● What this task involves: Exactly the lines from the one with "mgraph \<Rightarrow> 'e" through the last line of the listing must be given again.

● Data for the task:
(* Let $G$ be a finite connected graph (loops and multiple edges allowed) and $\alpha(G)$ the number of Eulerian equivalence classes of $\mathcal{BO}(G)$. Then: (i) if $G$ has a single vertex and no edges, $\alpha(G)=1$; (ii) if $e$ is a loop, $\alpha(G)=\alpha(G-e)$; (iii) if $e$ is a bridge, $\alpha(G)=0$; (iv) if $e$ is neither a bridge nor a loop, $\alpha(G)=\alpha(G-e)+\alpha(G/e)$.
   Context: An orientation of $G=(V,E)$ assigns a direction to each edge. For a partition $V=S\sqcup T$ with $S,T\neq\emptyset$, $[S,T]$ denotes the set of edges joining $S$ and $T$ (a cut); a bond is a minimal nonempty cut. For an orientation $\varepsilon$, $(S,T)_\varepsilon$ is the set of edges of $[S,T]$ directed from $S$ to $T$. A bond $[S,T]$ is directed if $(S,T)_\varepsilon=\emptyset$ or $(T,S)_\varepsilon=\emptyset$; a cut is directed if it is a disjoint union of directed bonds. $\mathcal{BO}(G)$ is the set of orientations of $G$ with no (nonempty) directed cut (for connected $G$: the totally cyclic orientations). Two orientations $\varepsilon_1,\varepsilon_2$ are Eulerian equivalent if the spanning subgraph formed by the edges $\{e:\varepsilon_1(e)\neq\varepsilon_2(e)\}$, oriented by $\varepsilon_1$, has in-degree equal to out-degree at every vertex. $G-e$ is deletion and $G/e$ contraction of $e$. *)

theory Defs
  imports Main
begin

text \<open>Each edge e carries a
reference pair ends e = (x, y); an orientation eps assigns True if e is directed
from x to y and False if from y to x. Orientations are extensional
(False outside the edge set) so that they form a finite set.\<close>

record ('v, 'e) mgraph =
  verts :: "'v set"
  edges :: "'e set"
  ends  :: "'e \<Rightarrow> 'v \<times> 'v"

definition wf_graph :: "('v, 'e) mgraph \<Rightarrow> bool" where
  "wf_graph G \<longleftrightarrow> finite (verts G) \<and> finite (edges G) \<and>
     (\<forall>e\<in>edges G. fst (ends G e) \<in> verts G \<and> snd (ends G e) \<in> verts G)"

definition is_loop :: "('v, 'e) mgraph \<Rightarrow> 'e \<Rightarrow> bool" where
  "is_loop G e \<longleftrightarrow> fst (ends G e) = snd (ends G e)"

● Answer to this problem:
definition is_loop :: "('v, 'e) mgraph \<Rightarrow> 'e \<Rightarrow> bool" where
  "is_loop G e \<longleftrightarrow> fst (ends G e) = snd (ends G e)"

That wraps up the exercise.